## What is required
Which lines in the entries below contain the string "that"? Show each of them in full.
*** Available data ***
text \<open>Scaling a variable by \<open>\<alpha> > 0\<close> scales its iterated equilibrium tails:
  \<open>T\<^sub>\<alpha>\<^sub>Z\<^sub>,\<^sub>s(x) = T\<^sub>Z\<^sub>,\<^sub>s(x/\<alpha>)\<close> for \<open>s \<ge> 1\<close>, because every tail integral
  picks up the Jacobian \<open>\<alpha>\<close>, which cancels against the normalising mean. Hence the
  generalised inverse of the tail of \<open>\<alpha>\<^sub>2Y\<close> is \<open>\<alpha>\<^sub>2\<close> times that of \<open>Y\<close>, and the
  comparison function of \<open>(\<alpha>\<^sub>1X, \<alpha>\<^sub>2Y)\<close> is \<open>x \<mapsto> \<alpha>\<^sub>2 c\<^sub>s(x/\<alpha>\<^sub>1)\<close>, convex with \<open>c\<^sub>s\<close>.
  The only subtlety is an empty infimum in the generalised inverse: it can only occur
  where the tail of \<open>X\<close> vanishes, and then continuity of that tail together with the
  convexity of \<open>c\<^sub>s\<close> forces it to vanish on all of \<open>[0, \<infinity>)\<close>, so both comparison
  functions are constant.\<close>

lemma distributed_density_total:
  fixes f :: "real \<Rightarrow> ennreal"
  assumes "prob_space M" and "distributed M lborel Z f"
  shows "(\<integral>\<^sup>+t. f t \<partial>lborel) = 1"
  using distributed_emeasure[OF assms(2), of UNIV] assms(1)
  by (simp add: prob_space.emeasure_space_1)

lemma distributed_density_integrable:
  fixes f :: "real \<Rightarrow> ennreal"
  assumes "prob_space M" and "distributed M lborel Z f"
  shows "integrable lborel (\<lambda>t. enn2real (f t))"
proof (rule integrableI_bounded)
  show "(\<lambda>t. enn2real (f t)) \<in> borel_measurable lborel"
    using distributed_borel_measurable[OF assms(2)] by simp
  have "(\<integral>\<^sup>+t. ennreal (norm (enn2real (f t))) \<partial>lborel) \<le> (\<integral>\<^sup>+t. f t \<partial>lborel)"
    by (intro nn_integral_mono) (simp add: ennreal_enn2real_if)
  then show "(\<integral>\<^sup>+t. ennreal (norm (enn2real (f t))) \<partial>lborel) < \<infinity>"
    using distributed_density_total[OF assms] by (auto simp: top_unique intro: le_less_trans)
qed

lemma distributed_set_integral_density:
  fixes f :: "real \<Rightarrow> ennreal"
  assumes "prob_space M" and D: "distributed M lborel Z f" and A[measurable]: "A \<in> sets borel"
  shows "(LINT t:A|lborel. enn2real (f t)) = measure M (Z -` A \<inter> space M)"
proof -
  have [measurable]: "f \<in> borel_measurable lborel"
    using D by (simp add: distributed_borel_measurable)
  have finite: "AE t in lborel. f t \<noteq> \<infinity>"
    using distributed_density_total[OF assms(1,2)] by (intro nn_integral_PInf_AE) auto
  have "(LINT t:A|lborel. enn2real (f t)) = enn2real (\<integral>\<^sup>+t. ennreal (indicator A t * enn2real (f t)) \<partial>lborel)"
    unfolding set_lebesgue_integral_def by (simp add: integral_eq_nn_integral)
  also have "(\<integral>\<^sup>+t. ennreal (indicator A t * enn2real (f t)) \<partial>lborel) = (\<integral>\<^sup>+t. f t * indicator A t \<partial>lborel)"
    by (intro nn_integral_cong_AE, use finite in eventually_elim)
       (auto simp: indicator_def ennreal_enn2real_if top.not_eq_extremum)
  finally show ?thesis
    by (simp add: distributed_emeasure[OF D] measure_def)
qed

lemma Tbar_nonneg: "0 \<le> Tbar f k x"
proof (induction k arbitrary: x)
  case 0
  then show ?case by simp
next
  case (Suc k)
  have "0 \<le> (LINT t:A|lborel. Tbar f k t)" for A
    unfolding set_lebesgue_integral_def
    by (rule Bochner_Integration.integral_nonneg) (use Suc in \<open>auto simp: indicator_def\<close>)
  then show ?case by (auto intro!: divide_nonneg_nonneg)
qed

lemma Tbar_0_eq: "Tbar f 0 = (\<lambda>t. enn2real (f t))"
  by (simp add: fun_eq_iff)

lemma set_integral_atLeast_rescale:
  fixes F :: "real \<Rightarrow> real"
  assumes "a > 0"
  shows "(LINT t:{x..}|lborel. F (t / a)) = a * (LINT t:{x/a..}|lborel. F t)"
proof -
  have "(LINT t:{x..}|lborel. F (t / a)) = \<bar>a\<bar> *\<^sub>R (\<integral>u. indicator {x..} (0 + a * u) *\<^sub>R F ((0 + a * u) / a) \<partial>lborel)"
    unfolding set_lebesgue_integral_def using assms by (intro lborel_integral_real_affine) simp
  also have "(\<lambda>u. indicator {x..} (0 + a * u) *\<^sub>R F ((0 + a * u) / a)) = (\<lambda>u. indicator {x/a..} u *\<^sub>R F u)"
    using assms by (auto simp: indicator_def fun_eq_iff pos_divide_le_eq mult.commute)
  finally show ?thesis
    using assms by (simp add: set_lebesgue_integral_def)
qed

lemma Tbar_Suc_rescale:
  fixes f g :: "real \<Rightarrow> ennreal"
  assumes P: "prob_space M" and D: "distributed M lborel Z f"
    and G: "distributed M lborel (\<lambda>\<omega>. \<alpha> * Z \<omega>) g" and \<alpha>: "\<alpha> > 0"
  shows "Tbar g (Suc k) x = Tbar f (Suc k) (x / \<alpha>)"
proof (induction k arbitrary: x)
  case 0
  have [measurable]: "Z \<in> borel_measurable M"
    using distributed_measurable[OF D] by simp
  have "(\<lambda>\<omega>. \<alpha> * Z \<omega>) -` {x..} \<inter> space M = Z -` {x/\<alpha>..} \<inter> space M"
    using \<alpha> by (auto simp: pos_divide_le_eq mult.commute)
  then show ?case
    using \<alpha> distributed_set_integral_density[OF P G, of "{x..}"]
      distributed_set_integral_density[OF P D, of "{x/\<alpha>..}"]
    by (simp add: Tbar_0_eq divide_less_0_iff)
next
  case (Suc k)
  have tail: "(LINT t:{x..}|lborel. Tbar g (Suc k) t) = \<alpha> * (LINT t:{x/\<alpha>..}|lborel. Tbar f (Suc k) t)" for x
    unfolding Suc.IH by (rule set_integral_atLeast_rescale[OF \<alpha>])
  show ?case
    using tail[of x] tail[of 0] \<alpha> unfolding Tbar_Suc_mu[of _ "Suc k"] mu_tilde_def
    by (simp add: divide_less_0_iff del: Tbar.simps)
qed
*** End of Available data ***
## Your solution
  generalised inverse of the tail of \<open>\<alpha>\<^sub>2Y\<close> is \<open>\<alpha>\<^sub>2\<close> times that of \<open>Y\<close>, and the
  where the tail of \<open>X\<close> vanishes, and then continuity of that tail together with the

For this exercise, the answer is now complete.